[Collected data]
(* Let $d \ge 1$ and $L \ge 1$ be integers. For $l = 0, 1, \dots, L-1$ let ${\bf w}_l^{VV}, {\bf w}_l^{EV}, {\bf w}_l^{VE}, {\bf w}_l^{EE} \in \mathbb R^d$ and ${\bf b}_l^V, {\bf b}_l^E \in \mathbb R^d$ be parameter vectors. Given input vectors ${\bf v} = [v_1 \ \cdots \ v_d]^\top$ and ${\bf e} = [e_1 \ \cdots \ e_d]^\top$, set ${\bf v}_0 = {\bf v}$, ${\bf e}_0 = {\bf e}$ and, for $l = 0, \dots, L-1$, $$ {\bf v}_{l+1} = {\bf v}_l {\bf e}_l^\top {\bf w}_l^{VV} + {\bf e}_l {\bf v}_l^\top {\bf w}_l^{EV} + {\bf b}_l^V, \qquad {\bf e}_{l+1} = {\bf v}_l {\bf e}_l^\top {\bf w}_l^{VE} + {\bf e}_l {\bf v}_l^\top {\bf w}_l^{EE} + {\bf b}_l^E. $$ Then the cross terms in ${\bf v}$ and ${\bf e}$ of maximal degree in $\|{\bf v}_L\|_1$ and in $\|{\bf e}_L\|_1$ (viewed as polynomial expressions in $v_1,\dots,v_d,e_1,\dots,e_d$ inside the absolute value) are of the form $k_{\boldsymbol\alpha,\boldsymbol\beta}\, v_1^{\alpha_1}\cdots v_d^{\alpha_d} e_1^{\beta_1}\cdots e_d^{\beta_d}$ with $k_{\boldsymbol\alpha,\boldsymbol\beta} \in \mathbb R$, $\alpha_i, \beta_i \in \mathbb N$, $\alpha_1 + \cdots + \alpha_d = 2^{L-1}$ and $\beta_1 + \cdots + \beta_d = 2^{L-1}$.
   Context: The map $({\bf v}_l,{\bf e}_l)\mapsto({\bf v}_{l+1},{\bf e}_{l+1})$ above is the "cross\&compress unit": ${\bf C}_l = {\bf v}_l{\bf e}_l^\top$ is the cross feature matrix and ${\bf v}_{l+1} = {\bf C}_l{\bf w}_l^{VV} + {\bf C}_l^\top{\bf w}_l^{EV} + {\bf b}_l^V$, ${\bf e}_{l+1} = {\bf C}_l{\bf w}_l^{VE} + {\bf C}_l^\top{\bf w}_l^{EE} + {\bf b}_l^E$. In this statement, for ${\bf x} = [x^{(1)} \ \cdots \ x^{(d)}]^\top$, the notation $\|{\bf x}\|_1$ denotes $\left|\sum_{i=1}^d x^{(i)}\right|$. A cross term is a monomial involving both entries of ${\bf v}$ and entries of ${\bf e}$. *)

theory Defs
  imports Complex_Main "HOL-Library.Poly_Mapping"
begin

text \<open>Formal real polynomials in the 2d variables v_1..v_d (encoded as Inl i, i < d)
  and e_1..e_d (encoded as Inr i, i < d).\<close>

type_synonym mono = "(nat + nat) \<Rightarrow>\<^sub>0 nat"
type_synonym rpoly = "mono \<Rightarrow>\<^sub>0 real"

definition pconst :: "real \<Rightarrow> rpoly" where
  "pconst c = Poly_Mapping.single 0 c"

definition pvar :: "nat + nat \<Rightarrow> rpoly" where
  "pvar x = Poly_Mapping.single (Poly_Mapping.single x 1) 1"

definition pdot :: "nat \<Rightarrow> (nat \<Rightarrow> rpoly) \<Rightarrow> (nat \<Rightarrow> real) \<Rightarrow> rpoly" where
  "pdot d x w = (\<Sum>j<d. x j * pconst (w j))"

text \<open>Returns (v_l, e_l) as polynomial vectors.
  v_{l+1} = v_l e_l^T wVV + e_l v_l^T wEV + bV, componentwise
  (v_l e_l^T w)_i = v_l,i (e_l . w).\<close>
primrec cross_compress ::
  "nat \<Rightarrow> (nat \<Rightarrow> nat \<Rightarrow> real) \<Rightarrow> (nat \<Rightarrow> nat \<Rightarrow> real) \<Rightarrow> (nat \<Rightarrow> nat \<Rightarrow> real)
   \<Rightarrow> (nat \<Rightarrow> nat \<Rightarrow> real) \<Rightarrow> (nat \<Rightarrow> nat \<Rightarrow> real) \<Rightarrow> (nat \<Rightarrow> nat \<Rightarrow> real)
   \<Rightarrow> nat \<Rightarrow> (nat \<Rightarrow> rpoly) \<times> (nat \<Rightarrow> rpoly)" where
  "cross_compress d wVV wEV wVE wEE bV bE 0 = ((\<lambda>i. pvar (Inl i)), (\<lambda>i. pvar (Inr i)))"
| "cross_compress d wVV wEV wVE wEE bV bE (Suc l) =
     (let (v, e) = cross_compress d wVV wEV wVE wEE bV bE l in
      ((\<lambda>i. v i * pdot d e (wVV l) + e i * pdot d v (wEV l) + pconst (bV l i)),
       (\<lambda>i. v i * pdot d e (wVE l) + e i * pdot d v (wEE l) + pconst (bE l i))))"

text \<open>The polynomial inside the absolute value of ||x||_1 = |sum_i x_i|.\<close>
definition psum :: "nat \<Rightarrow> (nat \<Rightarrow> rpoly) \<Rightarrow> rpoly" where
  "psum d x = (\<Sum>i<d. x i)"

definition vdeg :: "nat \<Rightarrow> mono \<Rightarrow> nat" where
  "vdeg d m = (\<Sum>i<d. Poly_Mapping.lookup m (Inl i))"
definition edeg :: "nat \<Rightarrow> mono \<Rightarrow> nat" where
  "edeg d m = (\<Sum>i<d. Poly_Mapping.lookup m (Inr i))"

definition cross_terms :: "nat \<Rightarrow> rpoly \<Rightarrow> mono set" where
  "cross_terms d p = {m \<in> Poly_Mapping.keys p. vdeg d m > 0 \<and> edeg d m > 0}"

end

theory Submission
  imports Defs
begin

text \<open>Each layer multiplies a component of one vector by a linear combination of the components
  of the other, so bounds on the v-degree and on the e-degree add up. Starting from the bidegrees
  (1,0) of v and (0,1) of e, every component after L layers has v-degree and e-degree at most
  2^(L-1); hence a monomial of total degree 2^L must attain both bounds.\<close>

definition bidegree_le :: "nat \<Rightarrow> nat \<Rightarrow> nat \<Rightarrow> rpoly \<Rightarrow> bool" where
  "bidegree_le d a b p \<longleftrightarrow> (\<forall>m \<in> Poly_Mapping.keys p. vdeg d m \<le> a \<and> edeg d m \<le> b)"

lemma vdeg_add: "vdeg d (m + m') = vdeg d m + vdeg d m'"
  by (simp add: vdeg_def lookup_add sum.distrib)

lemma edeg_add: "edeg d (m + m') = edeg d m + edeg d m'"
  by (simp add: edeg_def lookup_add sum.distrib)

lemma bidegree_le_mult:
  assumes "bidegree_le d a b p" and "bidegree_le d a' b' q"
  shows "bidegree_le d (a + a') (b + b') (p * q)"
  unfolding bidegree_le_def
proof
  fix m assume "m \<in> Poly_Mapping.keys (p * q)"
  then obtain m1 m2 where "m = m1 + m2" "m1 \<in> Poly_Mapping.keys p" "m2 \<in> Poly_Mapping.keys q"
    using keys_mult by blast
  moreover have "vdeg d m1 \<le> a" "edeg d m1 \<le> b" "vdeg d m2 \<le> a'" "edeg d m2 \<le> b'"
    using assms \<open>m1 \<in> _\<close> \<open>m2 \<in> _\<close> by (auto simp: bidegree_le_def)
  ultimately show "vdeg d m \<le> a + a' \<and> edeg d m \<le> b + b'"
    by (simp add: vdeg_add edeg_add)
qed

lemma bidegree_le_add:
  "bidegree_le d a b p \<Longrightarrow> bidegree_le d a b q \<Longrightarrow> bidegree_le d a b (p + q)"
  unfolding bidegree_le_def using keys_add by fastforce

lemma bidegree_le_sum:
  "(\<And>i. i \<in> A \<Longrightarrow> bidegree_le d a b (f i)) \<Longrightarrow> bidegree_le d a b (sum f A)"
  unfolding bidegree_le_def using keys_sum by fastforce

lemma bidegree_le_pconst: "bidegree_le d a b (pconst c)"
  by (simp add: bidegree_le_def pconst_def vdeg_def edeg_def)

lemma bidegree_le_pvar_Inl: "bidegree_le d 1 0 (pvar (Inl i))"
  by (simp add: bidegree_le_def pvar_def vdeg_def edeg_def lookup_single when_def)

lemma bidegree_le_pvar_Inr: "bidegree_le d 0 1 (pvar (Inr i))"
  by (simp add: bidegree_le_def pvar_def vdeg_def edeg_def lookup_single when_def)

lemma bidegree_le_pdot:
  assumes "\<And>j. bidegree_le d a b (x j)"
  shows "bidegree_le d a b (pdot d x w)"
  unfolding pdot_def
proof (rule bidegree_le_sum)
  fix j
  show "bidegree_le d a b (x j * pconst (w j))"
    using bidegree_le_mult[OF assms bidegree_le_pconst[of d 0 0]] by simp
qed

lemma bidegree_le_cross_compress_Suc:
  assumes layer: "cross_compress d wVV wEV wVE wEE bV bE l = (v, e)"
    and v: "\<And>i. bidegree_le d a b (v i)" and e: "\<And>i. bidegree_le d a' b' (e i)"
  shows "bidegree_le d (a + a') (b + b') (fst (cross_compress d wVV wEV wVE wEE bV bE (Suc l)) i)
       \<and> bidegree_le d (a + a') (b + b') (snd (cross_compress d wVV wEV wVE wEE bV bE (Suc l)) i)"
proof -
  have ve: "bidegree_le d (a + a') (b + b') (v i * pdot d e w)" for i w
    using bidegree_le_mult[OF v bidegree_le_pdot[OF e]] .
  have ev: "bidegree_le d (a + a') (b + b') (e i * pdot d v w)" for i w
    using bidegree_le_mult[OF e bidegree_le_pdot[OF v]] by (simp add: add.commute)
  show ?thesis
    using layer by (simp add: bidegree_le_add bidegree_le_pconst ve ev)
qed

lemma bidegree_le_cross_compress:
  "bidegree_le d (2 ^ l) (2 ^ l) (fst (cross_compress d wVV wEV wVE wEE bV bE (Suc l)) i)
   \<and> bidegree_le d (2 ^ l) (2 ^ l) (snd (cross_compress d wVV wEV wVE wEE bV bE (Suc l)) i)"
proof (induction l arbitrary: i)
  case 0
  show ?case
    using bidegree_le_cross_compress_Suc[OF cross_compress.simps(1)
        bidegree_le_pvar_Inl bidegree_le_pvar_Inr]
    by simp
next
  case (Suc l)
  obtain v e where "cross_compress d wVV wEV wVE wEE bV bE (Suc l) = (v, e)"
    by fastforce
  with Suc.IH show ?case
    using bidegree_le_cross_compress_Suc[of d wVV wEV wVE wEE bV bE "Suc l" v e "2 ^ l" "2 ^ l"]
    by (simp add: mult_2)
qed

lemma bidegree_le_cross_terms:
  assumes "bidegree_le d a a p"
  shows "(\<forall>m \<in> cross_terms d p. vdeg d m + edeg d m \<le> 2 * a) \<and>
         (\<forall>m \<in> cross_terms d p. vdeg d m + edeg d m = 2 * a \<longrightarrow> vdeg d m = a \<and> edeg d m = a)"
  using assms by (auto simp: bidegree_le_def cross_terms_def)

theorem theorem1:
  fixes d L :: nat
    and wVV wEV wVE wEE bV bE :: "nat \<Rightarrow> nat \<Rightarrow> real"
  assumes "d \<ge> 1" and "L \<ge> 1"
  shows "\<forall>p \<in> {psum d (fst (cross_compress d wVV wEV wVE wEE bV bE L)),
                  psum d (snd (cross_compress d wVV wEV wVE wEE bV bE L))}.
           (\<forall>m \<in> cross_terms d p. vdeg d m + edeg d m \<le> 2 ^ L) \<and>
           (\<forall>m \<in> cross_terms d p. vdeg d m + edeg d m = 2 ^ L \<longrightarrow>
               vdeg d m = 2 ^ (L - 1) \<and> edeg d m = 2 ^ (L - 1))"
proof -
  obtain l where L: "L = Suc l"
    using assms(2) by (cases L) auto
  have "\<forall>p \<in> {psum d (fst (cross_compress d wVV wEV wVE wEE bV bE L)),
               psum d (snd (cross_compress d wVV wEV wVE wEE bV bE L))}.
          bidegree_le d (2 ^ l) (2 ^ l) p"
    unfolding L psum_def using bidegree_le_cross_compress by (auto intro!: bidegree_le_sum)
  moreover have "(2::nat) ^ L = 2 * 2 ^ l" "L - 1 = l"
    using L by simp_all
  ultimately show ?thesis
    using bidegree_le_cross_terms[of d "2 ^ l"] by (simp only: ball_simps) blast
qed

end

= Exercise prompt =
What are the lines above that hold the string "monomial"? Copy them.

= Answer for this exercise =
   Context: The map $({\bf v}_l,{\bf e}_l)\mapsto({\bf v}_{l+1},{\bf e}_{l+1})$ above is the "cross\&compress unit": ${\bf C}_l = {\bf v}_l{\bf e}_l^\top$ is the cross feature matrix and ${\bf v}_{l+1} = {\bf C}_l{\bf w}_l^{VV} + {\bf C}_l^\top{\bf w}_l^{EV} + {\bf b}_l^V$, ${\bf e}_{l+1} = {\bf C}_l{\bf w}_l^{VE} + {\bf C}_l^\top{\bf w}_l^{EE} + {\bf b}_l^E$. In this statement, for ${\bf x} = [x^{(1)} \ \cdots \ x^{(d)}]^\top$, the notation $\|{\bf x}\|_1$ denotes $\left|\sum_{i=1}^d x^{(i)}\right|$. A cross term is a monomial involving both entries of ${\bf v}$ and entries of ${\bf e}$. *)
  2^(L-1); hence a monomial of total degree 2^L must attain both bounds.\<close>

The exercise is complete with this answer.